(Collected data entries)
···

(* The category $\mathsf{Stone}^{\mathsf{R}}$ is equivalent to the category $\mathsf{BA}^\mathsf{S}$. The equivalence is given by the functor $\mathsf{Clop}\colon\mathsf{Stone}^{\mathsf{R}}\to\mathsf{BA}^\mathsf{S}$ sending a Stone space $X$ to the boolean algebra $\mathsf{Clop}(X)$ of its clopen subsets and a closed relation $R\colon X\to Y$ to the subordination $S_R\colon\mathsf{Clop}(X)\to\mathsf{Clop}(Y)$ with $U\mathrel{S_R}V\iff R[U]\subseteq V$, and the functor $\mathsf{Ult}\colon\mathsf{BA}^\mathsf{S}\to\mathsf{Stone}^{\mathsf{R}}$ sending a boolean algebra $A$ to its Stone space $\mathsf{Ult}(A)$ of ultrafilters and a subordination $S\colon A\to B$ to the closed relation $R_S\colon\mathsf{Ult}(A)\to\mathsf{Ult}(B)$ with $x\mathrel{R_S}y\iff S[x]\subseteq y$.
   Context: A Stone space is a zero-dimensional compact Hausdorff space. A relation $R\subseteq X\times Y$ between topological spaces is closed if it is a closed subset of $X\times Y$. For $F\subseteq X$, $R[F]=\{y\mid \exists x\in F,\ x\mathrel{R}y\}$. $\mathsf{Stone}^{\mathsf{R}}$ is the category of Stone spaces and closed relations, with identity relations as identities and relational composition. A subordination relation from a boolean algebra $A$ to a boolean algebra $B$ is a relation $S\subseteq A\times B$ such that for $a,b\in A$, $c,d\in B$: (S1) $0\mathrel{S}0$ and $1\mathrel{S}1$; (S2) $a\mathrel{S}c$ and $b\mathrel{S}c$ imply $(a\vee b)\mathrel{S}c$; (S3) $a\mathrel{S}c$ and $a\mathrel{S}d$ imply $a\mathrel{S}(c\wedge d)$; (S4) $a\le b$, $b\mathrel{S}c$, $c\le d$ imply $a\mathrel{S}d$. $\mathsf{BA}^\mathsf{S}$ is the category of boolean algebras and subordination relations; the identity on $A$ is $\le_A$ and composition is relational composition ($a\mathrel{(S_2\circ S_1)}c$ iff $\exists b$ with $a\mathrel{S_1}b\mathrel{S_2}c$). $S[x]=\{b\mid\exists a\in x,\ a\mathrel{S}b\}$. *)

theory Defs
  imports "HOL-Analysis.Analysis"
begin

definition stone_space :: "'x topology \<Rightarrow> bool" where
  "stone_space X \<longleftrightarrow> compact_space X \<and> Hausdorff_space X \<and> X dim_le 0"

text \<open>Morphisms X \<rightarrow> Y in Stone^R: closed relations R \<subseteq> X \<times> Y.\<close>
definition closed_rel :: "'x topology \<Rightarrow> 'y topology \<Rightarrow> ('x \<times> 'y) set \<Rightarrow> bool" where
  "closed_rel X Y R \<longleftrightarrow> R \<subseteq> topspace X \<times> topspace Y \<and> closedin (prod_topology X Y) R"

text \<open>Identity of Stone^R; composition is relational composition R O R' (first R, then R').\<close>
definition stone_id :: "'x topology \<Rightarrow> ('x \<times> 'x) set" where
  "stone_id X = Id_on (topspace X)"

definition stone_iso :: "'x topology \<Rightarrow> 'y topology \<Rightarrow> ('x \<times> 'y) set \<Rightarrow> bool" where
  "stone_iso X Y R \<longleftrightarrow> closed_rel X Y R \<and>
     (\<exists>R'. closed_rel Y X R' \<and> R O R' = stone_id X \<and> R' O R = stone_id Y)"

record 'a ba =
  carrier :: "'a set"
  join :: "'a \<Rightarrow> 'a \<Rightarrow> 'a"
  meet :: "'a \<Rightarrow> 'a \<Rightarrow> 'a"
  neg :: "'a \<Rightarrow> 'a"
  zero :: 'a
  one :: 'a

definition is_ba :: "'a ba \<Rightarrow> bool" where
  "is_ba A \<longleftrightarrow>
     zero A \<in> carrier A \<and> one A \<in> carrier A \<and>
     (\<forall>a\<in>carrier A. neg A a \<in> carrier A) \<and>
     (\<forall>a\<in>carrier A. \<forall>b\<in>carrier A. join A a b \<in> carrier A \<and> meet A a b \<in> carrier A) \<and>
     (\<forall>a\<in>carrier A. \<forall>b\<in>carrier A.
        join A a b = join A b a \<and> meet A a b = meet A b a \<and>
        join A a (meet A a b) = a \<and> meet A a (join A a b) = a) \<and>
     (\<forall>a\<in>carrier A. \<forall>b\<in>carrier A. \<forall>c\<in>carrier A.
        join A a (join A b c) = join A (join A a b) c \<and>
        meet A a (meet A b c) = meet A (meet A a b) c \<and>
        meet A a (join A b c) = join A (meet A a b) (meet A a c)) \<and>
     (\<forall>a\<in>carrier A. join A a (neg A a) = one A \<and> meet A a (neg A a) = zero A)"

definition ba_le :: "'a ba \<Rightarrow> 'a \<Rightarrow> 'a \<Rightarrow> bool" where
  "ba_le A a b \<longleftrightarrow> meet A a b = a"
text \<open>On the diagonal the dyadic distance is 0, and 0 powr _ = 0 kills the integrand.\<close>

lemma position_integrand_haar_off_levels:
  assumes "\<And>n. (x, y) \<notin> last_common_level_pairs j k n"
  shows "position_integrand s (haar j k) (x, y) = 0"
proof (cases "x \<in> dyadic_interval j k \<and> y \<in> dyadic_interval j k")
  case False
  then show ?thesis by (auto simp: position_integrand_def haar_eq_0)
next
  case True
  have "x = y"
  proof (rule ccontr)
    assume "x \<noteq> y"
    moreover have "dyadic_index j x = dyadic_index j y"
      using True by (simp add: mem_dyadic_interval_iff)
    ultimately obtain n where "dyadic_index (j + int n) x = dyadic_index (j + int n) y"
      "dyadic_index (j + int n + 1) x \<noteq> dyadic_index (j + int n + 1) y"
      by (rule last_common_dyadic_level)
    then show False using assms[of n] True by (simp add: mem_last_common_level_pairs_iff)
  qed
  then show ?thesis
    using dyadic_dist_self[OF dyadic_interval_pos] True by (simp add: position_integrand_def)
qed

lemma position_integrand_haar_eq_suminf:
  "position_integrand s (haar j k) (x, y) =
     (\<Sum>n. haar_level_value s j n * indicator (last_common_level_pairs j k n) (x, y))"
proof (cases "\<exists>n. (x, y) \<in> last_common_level_pairs j k n")
  case True
  then obtain n where n: "(x, y) \<in> last_common_level_pairs j k n" by blast
  have "haar_level_value s j m * indicator (last_common_level_pairs j k m) (x, y) =
      (if m = n then haar_level_value s j n else 0)" for m
    using last_common_level_pairs_unique[OF n, of m] n by (cases "m = n") (auto simp: indicator_def)
  then have "(\<lambda>m. haar_level_value s j m * indicator (last_common_level_pairs j k m) (x, y))
      sums haar_level_value s j n"
    using sums_single[of n "\<lambda>_. haar_level_value s j n"] by simp
  then show ?thesis
    using position_integrand_haar_on_level[OF n] by (simp add: sums_iff)
next
  case False
  then show ?thesis
    using position_integrand_haar_off_levels[of x y] by simp
qed

lemma haar_level_value_times_measure:
  "haar_level_value s j n * measure (lborel \<Otimes>\<^sub>M lborel) (last_common_level_pairs j k n) =
     (if n = 0 then -1 else 1) * (2 powr (- 2 * s * real_of_int j - 1) * (2 powr (- 2 * s)) ^ n)"
proof -
  have "(2 powr (- real_of_int (j + int n))) powr (2 * s) * 2 powr real_of_int j /
        2 powr (- real_of_int (j + int n)) * 2 powr (- real_of_int (2 * j + int n + 1)) =
      2 powr (- real_of_int (j + int n) * (2 * s)) * 2 powr real_of_int j *
        2 powr real_of_int (j + int n) * 2 powr (- real_of_int (2 * j + int n + 1))"
    by (simp add: powr_powr divide_inverse ac_simps flip: powr_minus)
  also have "\<dots> = (2::real) powr (- real_of_int (j + int n) * (2 * s) + real_of_int j +
        real_of_int (j + int n) + - real_of_int (2 * j + int n + 1))"
    by (simp only: powr_add)
  also have "\<dots> = 2 powr (- 2 * s * real_of_int j - 1 + real n * (- 2 * s))"
    by (rule arg_cong[where f = "(powr) 2"]) (simp add: algebra_simps)
  also have "\<dots> = 2 powr (- 2 * s * real_of_int j - 1) * 2 powr (real n * (- 2 * s))"
    by (rule powr_add)
  also have "2 powr (real n * (- 2 * s)) = (2 powr (- 2 * s) :: real) ^ n"
    by (rule powr_power[symmetric]) simp
  finally show ?thesis
    unfolding haar_level_value_def measure_last_common_level_pairs by (simp only: mult.assoc)
qed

···

**ASSIGNED TASK**
Could you return exactly the stretch of the data above that starts at the line with "record 'a ba" and ends at the line with "(\<forall>a\<in>carrier A. neg", both lines included?

**RESULT OF THE EXERCISE**
record 'a ba =
  carrier :: "'a set"
  join :: "'a \<Rightarrow> 'a \<Rightarrow> 'a"
  meet :: "'a \<Rightarrow> 'a \<Rightarrow> 'a"
  neg :: "'a \<Rightarrow> 'a"
  zero :: 'a
  one :: 'a

definition is_ba :: "'a ba \<Rightarrow> bool" where
  "is_ba A \<longleftrightarrow>
     zero A \<in> carrier A \<and> one A \<in> carrier A \<and>
     (\<forall>a\<in>carrier A. neg A a \<in> carrier A) \<and>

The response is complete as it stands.